The current policy has the effect of excessively withholding tax from gambling winnings, which in turn, removes money that might have otherwise been available for that customer to wager. It effectively diminishes a customer’s resources to re-wager and reduces betting pools, to the detriment of the track, horsemen and ultimately state and federal governments who share in racing revenue. For example, if an individual buys $200 worth of tickets to hit an exotic wager on a single $1 ticket, the tax policy would use $200 as a basis for calculating tax, not $1.
Those who would like to sign a petition asking the IRS to clarify this policy to the benefit of all in racing, can do so here.
There are currently a little over 3,000 signatures on the petition to the IRS ratifying the Congressmen’s request, with a goal of 5,000 signatures.

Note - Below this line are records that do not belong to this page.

lemma exists_three_block_sizes:
  fixes r e p :: nat
  assumes "2 \<le> r" "2 * p \<le> r * e"
  obtains \<alpha> \<gamma> A B C where "1 \<le> \<alpha>" "\<alpha> + \<gamma> < r" "\<alpha> * e = A + B" "(r - \<gamma> - \<alpha>) * e = A + C"
    "\<gamma> * e + (r * e - 2 * p) = B + C"
proof -
  define m where "m = r div 2"
  have m: "1 \<le> m" "m \<le> r - m" "2 * m \<le> r" "r \<le> 2 * m + 1"
    using assms(1) by (auto simp: m_def)
  have "e \<le> m * e"
    using m by simp
  have "m * e \<le> (r - m) * e"
    using m by (intro mult_le_mono1)
  have "(r - m) * e = r * e - m * e"
    by (rule diff_mult_distrib)
  have "2 * m * e \<le> r * e" "r * e \<le> (2 * m + 1) * e"
    using m by (intro mult_le_mono1; simp)+
  then have "2 * (m * e) \<le> r * e" "r * e \<le> 2 * (m * e) + e"
    by (simp_all add: algebra_simps)
  show ?thesis
  proof (cases "p \<le> m * e")
    case True
    show ?thesis
      by (rule that[of m 0 p "m * e - p" "(r - m) * e - p"])
        (use True m \<open>m * e \<le> (r - m) * e\<close> \<open>(r - m) * e = r * e - m * e\<close> in auto)
  next
    case False
    then have "r = 2 * m + 1"
      using m assms(2) \<open>2 * (m * e) \<le> r * e\<close> by (cases "r = 2 * m") auto
    then have "r * e = 2 * (m * e) + e" "(r - 1 - m) * e = m * e"
      by (simp_all add: algebra_simps)
    then have "e \<le> p" "p \<le> m * e + e"
      using False \<open>e \<le> m * e\<close> assms(2) by linarith+
    show ?thesis
      by (rule that[of m 1 "p - e" "m * e + e - p" "m * e + e - p"])
        (use m \<open>r = 2 * m + 1\<close> \<open>e \<le> p\<close> \<open>p \<le> m * e + e\<close> \<open>r * e = 2 * (m * e) + e\<close>
          \<open>(r - 1 - m) * e = m * e\<close> assms(2) in linarith)+
  qed
qed

definition three_blocks :: "nat \<Rightarrow> nat \<Rightarrow> nat \<Rightarrow> nat \<Rightarrow> nat" where
  "three_blocks r \<alpha> \<gamma> i = (if i < \<alpha> then 0 else if i < r - \<gamma> then 1 else 2)"

lemma sum_margin_three_blocks:
  assumes "\<alpha> + \<gamma> < r"
  shows "(\<Sum>i\<in>{i \<in> {..r}. three_blocks r \<alpha> \<gamma> i = 0}. margin r e p i) = \<alpha> * e"
    and "(\<Sum>i\<in>{i \<in> {..r}. three_blocks r \<alpha> \<gamma> i = 1}. margin r e p i) = (r - \<gamma> - \<alpha>) * e"
    and "(\<Sum>i\<in>{i \<in> {..r}. three_blocks r \<alpha> \<gamma> i = 2}. margin r e p i) = \<gamma> * e + (r * e - 2 * p)"
proof -
  have "{i \<in> {..r}. three_blocks r \<alpha> \<gamma> i = 0} = {..<\<alpha>}"
    "{i \<in> {..r}. three_blocks r \<alpha> \<gamma> i = 1} = {\<alpha>..<r - \<gamma>}"
    "{i \<in> {..r}. three_blocks r \<alpha> \<gamma> i = 2} = insert r {r - \<gamma>..<r}"
    using assms by (auto simp: three_blocks_def)
  moreover have "(\<Sum>i\<in>S. margin r e p i) = card S * e" if "S \<subseteq> {..<r}" for S
    using that by (simp add: margin_def subset_iff)
  moreover have "{..<\<alpha>} \<subseteq> {..<r}" "{\<alpha>..<r - \<gamma>} \<subseteq> {..<r}" "{r - \<gamma>..<r} \<subseteq> {..<r}"
    using assms by auto
  ultimately show "(\<Sum>i\<in>{i \<in> {..r}. three_blocks r \<alpha> \<gamma> i = 0}. margin r e p i) = \<alpha> * e"
    and "(\<Sum>i\<in>{i \<in> {..r}. three_blocks r \<alpha> \<gamma> i = 1}. margin r e p i) = (r - \<gamma> - \<alpha>) * e"
    and "(\<Sum>i\<in>{i \<in> {..r}. three_blocks r \<alpha> \<gamma> i = 2}. margin r e p i) = \<gamma> * e + (r * e - 2 * p)"
    using assms by (simp_all add: margin_def)
qed

theorem mainTheorem5:
  fixes r e p :: nat
  assumes "r \<ge> 2" and "e \<ge> 1" and "p \<le> (r * e) div 2"
  shows "\<exists>t z. Tpoly r e p t z \<noteq> 0"
proof -
  obtain \<alpha> \<gamma> A B C where "1 \<le> \<alpha>" "\<alpha> + \<gamma> < r" and blocks: "\<alpha> * e = A + B"
    "(r - \<gamma> - \<alpha>) * e = A + C" "\<gamma> * e + (r * e - 2 * p) = B + C"
  proof (rule exists_three_block_sizes[OF assms(1)])
    show "2 * p \<le> r * e"
      using assms(3) div_times_less_eq_dividend[of "r * e" 2] by linarith
  qed
  define \<kappa> where "\<kappa> = three_blocks r \<alpha> \<gamma>"
  have "table_sum {..r} {..r} (\<lambda>a b. real (\<kappa> a) - real (\<kappa> b)) (margin r e p) (margin r e p) \<noteq> 0"
  proof (rule table_sum_three_values_ne_0[where A = A and B = B and C = C])
    show "\<kappa> 0 = 0" "\<kappa> \<alpha> = 1" "\<kappa> r = 2" "\<forall>x\<in>{..r}. \<kappa> x \<le> 2"
      using \<open>1 \<le> \<alpha>\<close> \<open>\<alpha> + \<gamma> < r\<close> by (auto simp: \<kappa>_def three_blocks_def)
  qed (use \<open>\<alpha> + \<gamma> < r\<close> sum_margin_three_blocks[OF \<open>\<alpha> + \<gamma> < r\<close>, of e p] blocks
      in \<open>simp_all add: \<kappa>_def\<close>)
  then have "Tpoly r e p (real (\<kappa> r)) (\<lambda>i. real (\<kappa> i)) \<noteq> 0"
    by (simp add: Tpoly_eq_table_sum[of r e p "\<lambda>i. real (\<kappa> i)"])
  then show ?thesis
    by blast
qed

“This is a common sense policy that benefits everyone involved in each dollar wagered – the customer, the horsemen, owners, the track and the government,” said Phil Langley, president of the USTA. “There are existing protocols to ensure that the appropriate tax is collected on earnings at year’s end. We hope the IRS will see that adjusting this policy makes good business sense for all parties with a financial stake in horse racing. I hope all those who make their living through racing will sign the petition and urge their friends to do so, as well.”